Director: Clarence Brown
Cast: Louise Dresser, Jack Pickford, Constance Bennett, George Cooper
Have I Seen It Before: Never. The great value of seeing a silent film in a theater (with an organ accompaniment, no less) is that for a few stray moments (read: those moments where someone’s cell phone isn’t going off), the vulgarities of the 21st century melt away… Usually to give way to the vulgarities of the 20th. When you keep getting text messages throughout the movie from Home Depot informing you of the status of your toilet delivery, you never really had much of a chance.
Did I Like It: In previous reviews of silent films, I’ve generally come to the conclusion that some genres still hold up, while some don’t. Comedies? Very nearly always. Science Fiction? The charm is there, sure. Dramas? Almost never. A drama from 100 years ago is either wholly depressing—the abject poor will never get over their lot in life—or groanworthy—the obscenely rich dwell on their inadequacies while they wait for the stock crash to take them away. Horror? If you’re in the business of playing with shadows, there’s still plenty of dread to wring out of a modern audience. Western? Assuming anyone bothered to preserve the film and keep it from being just a bright white splotch with the occasional intruding shadows, then perhaps, but I’ve yet to see any evidence of it.

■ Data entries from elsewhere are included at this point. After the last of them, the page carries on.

(* Let $k\geq 2$ be a fixed integer. There are constants $c_1,c_2>0$ depending only on $k$ such that the following holds. Let $G=(A\cup B,E)$ be a bipartite graph with parts $A$ and $B$, where $a=|A|\geq b=|B|$, let $m=|E|$, and let $t$ be the number of copies of $C_{2k}$ in $G$. If $m \geq c_1\, a\, b^{1/k}$, then $t \geq c_2\, \dfrac{m^{2k}}{a^k b^k}$.
   Context: $C_{2k}$ denotes the cycle on $2k$ vertices; a copy of $C_{2k}$ in $G$ is a subgraph of $G$ isomorphic to $C_{2k}$. *)

theory Defs
  imports Complex_Main
begin

definition bipartite_graph :: "'a set \<Rightarrow> 'a set \<Rightarrow> 'a set set \<Rightarrow> bool" where
  "bipartite_graph A B E \<longleftrightarrow> finite A \<and> finite B \<and> A \<inter> B = {} \<and>
     (\<forall>e\<in>E. \<exists>x\<in>A. \<exists>y\<in>B. e = {x, y})"

definition cycle_edges :: "nat \<Rightarrow> (nat \<Rightarrow> 'a) \<Rightarrow> 'a set set" where
  "cycle_edges n f = {{f i, f ((i + 1) mod n)} | i. i < n}"

text \<open>Copies of C_n in a graph with edge set E: subgraphs isomorphic to the cycle C_n.
  A copy of a cycle has no isolated vertices, so it is determined by its edge set;
  we count these edge sets.\<close>
definition cycle_copies :: "nat \<Rightarrow> 'a set set \<Rightarrow> 'a set set set" where
  "cycle_copies n E = {H. H \<subseteq> E \<and> (\<exists>f. inj_on f {..<n} \<and> H = cycle_edges n f)}"

end

theory Submission
  imports Defs "HOL-Library.FuncSet" "HOL-Analysis.Convex"
begin

text \<open>Let \<open>W\<^sub>n(x,y)\<close> count walks of length \<open>n\<close>. By Cauchy--Schwarz, \<open>j \<mapsto> W\<^sub>2\<^sub>j(x,x)\<close> and
  the number \<open>S\<^sub>j\<close> of walks of length \<open>2j\<close> between vertices of \<open>A\<close> are log-convex; since
  \<open>S\<^sub>0 = |A|\<close> and \<open>S\<^sub>1 \<ge> m\<^sup>2/|B|\<close>, at least \<open>m\<^sup>2\<^sup>k/(|A|\<^sup>k|B|\<^sup>k)\<close> closed walks of length \<open>2k\<close>
  start in \<open>A\<close>. A closed walk that is not a cycle revisits a vertex and splits into closed walks of
  lengths \<open>r\<close> and \<open>2k - r\<close>; log-convexity at that vertex bounds their product by
  \<open>\<mu>^(k\<^sup>2) deg(x)\<^sup>k + W\<^sub>2\<^sub>k(x,x)/\<mu>\<close>. So if all degrees are within a constant factor of the
  average, at least half of the closed walks are cycles, and each copy of \<open>C\<^sub>2\<^sub>k\<close> is traversed
  by at most \<open>(2k)\<^sup>2\<^sup>k\<close> of them. Bounded degrees are reached by induction on \<open>|A| + |B|\<close>: if the
  vertices of degree above \<open>9\<^sup>k\<close> times the average on one side meet a third of the edges, they
  span a graph that is at least as dense but has far fewer vertices; otherwise their edges are
  discarded.\<close>

section \<open>Log-convex sequences\<close>

definition log_convex_upto :: "nat \<Rightarrow> (nat \<Rightarrow> real) \<Rightarrow> bool" where
  "log_convex_upto k s \<longleftrightarrow> (\<forall>j. Suc j < k \<longrightarrow> (s (Suc j))\<^sup>2 \<le> s j * s (Suc (Suc j)))"

lemma log_convex_uptoD:
  "log_convex_upto k s \<Longrightarrow> Suc j < k \<Longrightarrow> (s (Suc j))\<^sup>2 \<le> s j * s (Suc (Suc j))"
  unfolding log_convex_upto_def by blast

lemma log_convex_upto_pos:
  assumes lc: "log_convex_upto k s" and s0: "s 0 > 0" and s1: "s 1 > 0"
  shows "j \<le> k \<Longrightarrow> s j > 0"
proof (induction j rule: less_induct)
  case (less j)
  consider "j = 0" | "j = 1" | i where "j = Suc (Suc i)"
    by (metis One_nat_def not0_implies_Suc)
  then show ?case
  proof cases
    case 3
    have "s i > 0" "s (Suc i) > 0" using less 3 by simp_all
    hence "0 < (s (Suc i))\<^sup>2" by simp
    also have "\<dots> \<le> s i * s j" using log_convex_uptoD[OF lc, of i] less.prems 3 by simp
    finally show ?thesis
      using \<open>s i > 0\<close> 3 by (simp add: zero_less_mult_iff)
  qed (use s0 s1 in auto)
qed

Now we bring ourselves to the mystery, and I’m just not seeing the appeal. Forget for a moment that this is really a drama of both the worst kinds, the question of just who killed the theater owner is painfully obvious, right up until the very end when it turns out someone about whom we never even bothered to think turned out to do it.
Maybe I’m one of the last people still holding on to the virtues of the silent movie, but even I have my limits.